Eli Lilly reported positive results from a phase IIb trial of tadalafil for the treatment of lower urinary tract symptoms (LUTS) secondary to benign prostatic hyperplasia (BPH). This randomized, double-blind, placebo-controlled study enrolled 1,056 male subjects across several international sites. Any of the subjects who had undergone treatment for erectile dysfunction or other BPH treatments underwent a 4-week treatment-free screening period. All subjects then received placebo for four weeks prior to randomization. They were then divided randomly into five groups and received a placebo, or tadalafil doses of 2.5, 5.0, 10.0 or 20.0 mg/day. Efficacy was based on the International Prostate Symptom Score (I-PSS). All doses of tadalafil were superior to placebo for relieving LUTS, with statistically significant effects at 4, 8 and 12 weeks. The treatments decreased I-PSS scores from 3.9 to 5.2 points in the different dosage groups. Of the doses studied, 5 mg per day improved the I-PSS by 4.9 points and provided the best risk-benefit profile. Based on the results Eli Lilly plans to continue with the development of tadalafil for this indication.

November 6, 2006

Urigen released mixed results from a phase II trial of U101 for the treatment of chronic pelvic pain of bladder origin. This placebo-controlled, double-blind trial enrolled 90 subjects. Treatment did not meet the overall primary endpoint of improvement in pain and urgency at the end of the study, as monitored by the PORIS (Patient Overall Rating of Improvement of Symptoms) questionnaire. However, improvement was seen in other endpoints, including an improvement in urinary urgency at visit 1 on a ten point analog urgency scale for those on active drug versus placebo (p=0.006) and a trend toward improvement in pain in all subjects at visit one. Based on these results, Urigen plans to make some protocol changes and move development of U101 into further trials.

December 15, 2003

Peninsula Pharmaceuticals reported positive results from a preliminary analysis from a phase II trial with doripenem (S-4661), a broad-spectrum carbapenem antibiotic for the treatment of urinary tract infections.
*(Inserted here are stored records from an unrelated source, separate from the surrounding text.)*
lemma occupied_component_is_cluster:
  assumes sg: "simple_graph n E" and X: "X \<subseteq> vset n"
    and uv: "u \<in> X" "v \<in> X" "E u v"
  defines "r \<equiv> \<lambda>a b. a \<in> X \<and> b \<in> X \<and> E a b"
  shows "is_cluster n E X {x. r\<^sup>*\<^sup>* u x}"
proof -
  define C where "C = {x. r\<^sup>*\<^sup>* u x}"
  have sym_r: "symp r" using sg by (auto simp: r_def simple_graph_def symp_def)
  have CX: "C \<subseteq> X"
  proof
    fix x assume "x \<in> C"
    then have "r\<^sup>*\<^sup>* u x" by (simp add: C_def)
    then show "x \<in> X" using uv(1) by (induction rule: rtranclp_induct) (auto simp: r_def)
  qed
  have "r u v" using uv by (simp add: r_def)
  then have "u \<in> C" "v \<in> C" by (simp_all add: C_def r_into_rtranclp)
  moreover have "u \<noteq> v" using uv(3) sg by (auto simp: simple_graph_def)
  moreover have "finite C"
    using finite_subset[OF subset_trans[OF CX X]] by (simp add: vset_def)
  ultimately have card_C: "2 \<le> card C"
    using card_mono[of C "{u, v}"] by simp
  have conn: "induced_connected E C"
    unfolding induced_connected_def
  proof (intro ballI)
    fix a b assume "a \<in> C" "b \<in> C"
    define rC where "rC = (\<lambda>a b. r\<^sup>*\<^sup>* u a \<and> r\<^sup>*\<^sup>* u b \<and> r a b)"
    have "symp rC" using sym_r by (auto simp: rC_def symp_def)
    moreover have "rC\<^sup>*\<^sup>* u a" "rC\<^sup>*\<^sup>* u b"
      using \<open>a \<in> C\<close> \<open>b \<in> C\<close> rtranclp_within_reachable by (auto simp: C_def rC_def)
    ultimately have "rC\<^sup>*\<^sup>* a b" using sympD[OF symp_rtranclp] rtranclp_trans by metis
    moreover have "rC \<le> (\<lambda>a b. a \<in> C \<and> b \<in> C \<and> E a b)" by (auto simp: rC_def C_def r_def)
    ultimately show "(\<lambda>a b. a \<in> C \<and> b \<in> C \<and> E a b)\<^sup>*\<^sup>* a b"
      using rtranclp_mono by blast
  qed
  have "bdry n E C \<inter> X = {}"
  proof (rule ccontr)
    assume "bdry n E C \<inter> X \<noteq> {}"
    then obtain b c where "b \<in> X" "b \<notin> C" "c \<in> C" "E c b" by (auto simp: bdry_def)
    moreover from this have "r c b" using CX by (auto simp: r_def)
    ultimately show False by (auto simp: C_def intro: rtranclp.rtrancl_into_rtrancl)
  qed
  then show ?thesis using CX X card_C conn
    by (auto simp: is_cluster_def conn_family_def C_def)
qed

lemma indep_iff_clusters_empty:
  assumes sg: "simple_graph n E" and X: "X \<subseteq> vset n"
  shows "indep_set n E X \<longleftrightarrow> clusters n E X = {}"
proof
  assume "indep_set n E X"
  then show "clusters n E X = {}" using not_indep_if_cluster by (auto simp: clusters_def)
next
  assume no_cluster: "clusters n E X = {}"
  show "indep_set n E X"
  proof (rule ccontr)
    assume "\<not> indep_set n E X"
    then obtain u v where "u \<in> X" "v \<in> X" "E u v" using X by (auto simp: indep_set_def)
    then show False
      using occupied_component_is_cluster[OF sg X] no_cluster by (auto simp: clusters_def)
  qed
qed

definition nbr_closed :: "(nat \<Rightarrow> nat \<Rightarrow> bool) \<Rightarrow> nat set \<Rightarrow> nat set \<Rightarrow> bool" where
  "nbr_closed E X R \<longleftrightarrow> (\<forall>v \<in> R \<inter> X. \<forall>u. E v u \<longrightarrow> u \<in> R)"

text \<open>A cluster of X cannot leave R: an edge of it outside R would lie in the independent set J.
  Being closed under the neighbourhoods of the vertices of X in R, R then also contains the
  boundary of the cluster, and X and X' agree there.\<close>

lemma is_cluster_transfer:
  assumes sg: "simple_graph n E" and closed: "nbr_closed E X R"
    and agree: "X \<inter> R = X' \<inter> R" and outside: "X - R \<subseteq> J" and J: "indep_set n E J"
    and c: "is_cluster n E X S"
  shows "is_cluster n E X' S"
proof -
  have SX: "S \<subseteq> X" and bd: "bdry n E S \<inter> X = {}" using c by (auto simp: is_cluster_def)
  have SR: "S \<subseteq> R"
  proof
    fix s assume s: "s \<in> S"
    obtain t where t: "t \<in> S" "E s t" using cluster_has_neighbour[OF c s] by blast
    have "E t s" using t(2) sg by (simp add: simple_graph_def)
    show "s \<in> R"
    proof (rule ccontr)
      assume "s \<notin> R"
      then have "t \<notin> R" using closed \<open>E t s\<close> t(1) SX by (auto simp: nbr_closed_def)
      then have "s \<in> J" "t \<in> J" using \<open>s \<notin> R\<close> s t(1) SX outside by auto
      then show False using t(2) J by (auto simp: indep_set_def)
    qed
  qed
  have "bdry n E S \<inter> X' = {}"
  proof (rule ccontr)
    assume "bdry n E S \<inter> X' \<noteq> {}"
    then obtain b s where b: "b \<in> bdry n E S" "b \<in> X'" "s \<in> S" "E s b" by (auto simp: bdry_def)
    then have "b \<in> R" using closed SR SX by (auto simp: nbr_closed_def)
    then show False using b(1,2) bd agree by blast
  qed
  then show ?thesis using c SR SX agree by (auto simp: is_cluster_def)
qed

lemma clusters_eq_if_agree:
  assumes sg: "simple_graph n E" and closed: "nbr_closed E X R" and agree: "X \<inter> R = X' \<inter> R"
    and "X - R \<subseteq> I" "indep_set n E I" and "X' - R \<subseteq> I'" "indep_set n E I'"
  shows "clusters n E X = clusters n E X'"
proof -
  have "nbr_closed E X' R" using closed agree by (auto simp: nbr_closed_def)
  then show ?thesis
    using is_cluster_transfer[OF sg closed agree] is_cluster_transfer[OF sg _ agree[symmetric]]
      assms(4-7) unfolding clusters_def by blast
qed

locale prs_setting =
  fixes n :: nat and E :: "nat \<Rightarrow> nat \<Rightarrow> bool" and lam :: real
    and f :: "nat set set \<Rightarrow> nat set"
  assumes sg: "simple_graph n E" and lam: "lam > 0" and cf: "choice_fun n E f"
begin

abbreviation "V \<equiv> vset n"
abbreviation "indep \<equiv> indep_set n E"
abbreviation "step \<equiv> prs_step n E lam f"
abbreviation "state \<equiv> prs_state n E lam f"

definition chosen_cluster :: "nat set \<Rightarrow> nat set" where
  "chosen_cluster X = f (clusters n E X)"

definition resample_set :: "nat set \<Rightarrow> nat set" where
  "resample_set X = clos n E (chosen_cluster X)"

lemma finite_V: "finite V"
  by (simp add: vset_def)

lemma finite_subset_V: "A \<subseteq> V \<Longrightarrow> finite A"
  using finite_V finite_subset by blast

lemma chosen_cluster_is_cluster:
  assumes "X \<subseteq> V" "\<not> indep X"
  shows "is_cluster n E X (chosen_cluster X)"
proof -
  have "clusters n E X \<noteq> {}" using assms indep_iff_clusters_empty[OF sg] by blast
  moreover have "clusters n E X \<subseteq> conn_family n E" by (auto simp: clusters_def is_cluster_def)
  ultimately have "f (clusters n E X) \<in> clusters n E X" using cf by (simp add: choice_fun_def)
  then show ?thesis by (simp add: chosen_cluster_def clusters_def)
qed

lemma resample_set_subset:
  assumes "X \<subseteq> V" "\<not> indep X"
  shows "resample_set X \<subseteq> V"
  using chosen_cluster_is_cluster[OF assms]
  by (auto simp: resample_set_def clos_def bdry_def is_cluster_def conn_family_def)

lemma step_indep: "indep X \<Longrightarrow> step X = return_pmf X"
  by (simp add: prs_step_def)

lemma step_not_indep:
  "\<not> indep X \<Longrightarrow>
     step X = map_pmf (\<lambda>Y. (X - resample_set X) \<union> Y) (prod_sample lam (resample_set X))"
  by (simp add: prs_step_def resample_set_def chosen_cluster_def Let_def)

primrec run :: "nat \<Rightarrow> nat set \<Rightarrow> nat set pmf" where
  "run 0 X = return_pmf X"
| "run (Suc k) X = bind_pmf (step X) (run k)"

lemma run_0: "run 0 = return_pmf"
  by (rule ext) simp

lemma run_indep: "indep X \<Longrightarrow> run k X = return_pmf X"
  by (induction k) (simp_all add: step_indep bind_return_pmf)

lemma run_Suc_not_indep:
  "\<not> indep X \<Longrightarrow>
     run (Suc k) X = bind_pmf (prod_sample lam (resample_set X)) (\<lambda>Y. run k ((X - resample_set X) \<union> Y))"
  by (simp add: step_not_indep bind_map_pmf)

lemma run_Suc_right: "run (Suc k) X = bind_pmf (run k X) step"
proof (induction k arbitrary: X)
  case (Suc k)
  have IH: "run (Suc k) = (\<lambda>Y. bind_pmf (run k Y) step)" by (rule ext) (rule Suc.IH)
  have "run (Suc (Suc k)) X = bind_pmf (step X) (\<lambda>Y. bind_pmf (run k Y) step)"
    by (simp only: run.simps(2) IH)
  also have "\<dots> = bind_pmf (bind_pmf (step X) (run k)) step"
    by (simp only: bind_assoc_pmf)
  finally show ?case by (simp only: run.simps(2))
qed (simp add: run_0 bind_return_pmf bind_return_pmf')

lemma prs_state_add: "state (k + m) = bind_pmf (state k) (run m)"
proof (induction m)
  case (Suc m)
  have run_Suc: "run (Suc m) = (\<lambda>X. bind_pmf (run m X) step)" by (rule ext) (rule run_Suc_right)
  have "state (k + Suc m) = bind_pmf (bind_pmf (state k) (run m)) step"
    by (simp only: add_Suc_right prs_state.simps(2) Suc.IH)
  then show ?case by (simp only: bind_assoc_pmf run_Suc)
qed (simp add: bind_return_pmf')

lemma prs_state_eq_run: "state k = bind_pmf (prod_sample lam V) (run k)"
  using prs_state_add[of 0 k] by simp

lemma set_pmf_run: "X \<subseteq> V \<Longrightarrow> set_pmf (run k X) \<subseteq> Pow V"
proof (induction k arbitrary: X)
  case (Suc k)
  show ?case
  proof (cases "indep X")
    case False
    have "(X - resample_set X) \<union> Y \<subseteq> V" if "Y \<in> set_pmf (prod_sample lam (resample_set X))" for Y
      using that Suc.prems resample_set_subset[OF Suc.prems False] set_pmf_prod_sample by blast
    then show ?thesis using Suc.IH by (auto simp only: run_Suc_not_indep[OF False] set_bind_pmf)
  next
    case True
    then show ?thesis using Suc.prems by (simp only: run_indep) auto
  qed
qed simp

lemma set_pmf_state: "set_pmf (state k) \<subseteq> Pow V"
  using set_pmf_prod_sample set_pmf_run
  by (auto simp only: prs_state_eq_run set_bind_pmf) blast

text \<open>run_weight k X R I is the probability that k iterations started in X end in I while the
  union of the resampled closures is exactly R.\<close>

primrec run_weight :: "nat \<Rightarrow> nat set \<Rightarrow> nat set \<Rightarrow> nat set \<Rightarrow> real" where
  "run_weight 0 X R I = (if X = I \<and> R = {} then 1 else 0)"
| "run_weight (Suc k) X R I =
     (if indep X then (if X = I \<and> R = {} then 1 else 0)
      else (\<Sum>R' \<in> {R' \<in> Pow V. resample_set X \<union> R' = R}. \<Sum>Y \<in> Pow (resample_set X).
              prod_weight lam (resample_set X) Y * run_weight k ((X - resample_set X) \<union> Y) R' I))"

lemma run_weight_nonneg: "run_weight k X R I \<ge> 0"
  by (induction k arbitrary: X R) (auto intro!: sum_nonneg mult_nonneg_nonneg prod_weight_nonneg lam)

lemma pmf_run_Suc:
  assumes X: "X \<subseteq> V" "\<not> indep X"
  defines "T \<equiv> resample_set X"
  shows "pmf (run (Suc k) X) I = (\<Sum>Y\<in>Pow T. prod_weight lam T Y * pmf (run k ((X - T) \<union> Y)) I)"
proof -
  have "finite T" using finite_subset_V[OF resample_set_subset[OF X]] by (simp add: T_def)
  then show ?thesis
    unfolding run_Suc_not_indep[OF X(2)] T_def[symmetric]
    by (simp add: pmf_bind_pmf_sum[OF _ set_pmf_prod_sample] pmf_prod_sample lam)
qed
Results showed that doripenem met the primary endpoints of the trial and was well tolerated by. The international, randomized, historically controlled enrolled 121 subject at 12 sites in Europe, South America, and the U.S. The study investigated doripenem in hospitalized subjects with complicated urinary tract infections, including pyelonephritis. Subjects received three doses daily of either 250mg or 500mg of doripenem intravenously. Phase III trials are planned for 2003.

June 17, 2002

Phase II trial results suggest that the efficacy of DepoMed's extended-release Ciprofloxacin GR is comparable to that of the currently marketed immediate-release ciprofloxacin formulation (Cipro, Bayer AG). The randomized, double-blind, parallel-group study evaluated the efficacy and safety of once-daily Ciprofloxacin GR (500 mg qd) with twice-daily immediate-release ciprofloxacin (250 mg bid) in female subjects with uncomplicated urinary tract infections (UTIs). At one and five weeks post-treatment, both medications were comparably effective in the eradication of causative organisms and the resolution of clinical signs and symptoms. Three subjects treated with immediate-release ciprofloxacin reported nausea and two experienced dizziness, while subjects treated with Ciprofloxacin GR reported neither effect. Twenty-eight percent of subjects in the immediate-release group reported adverse effects, compared to 17% treated with Ciprofloxacin GR.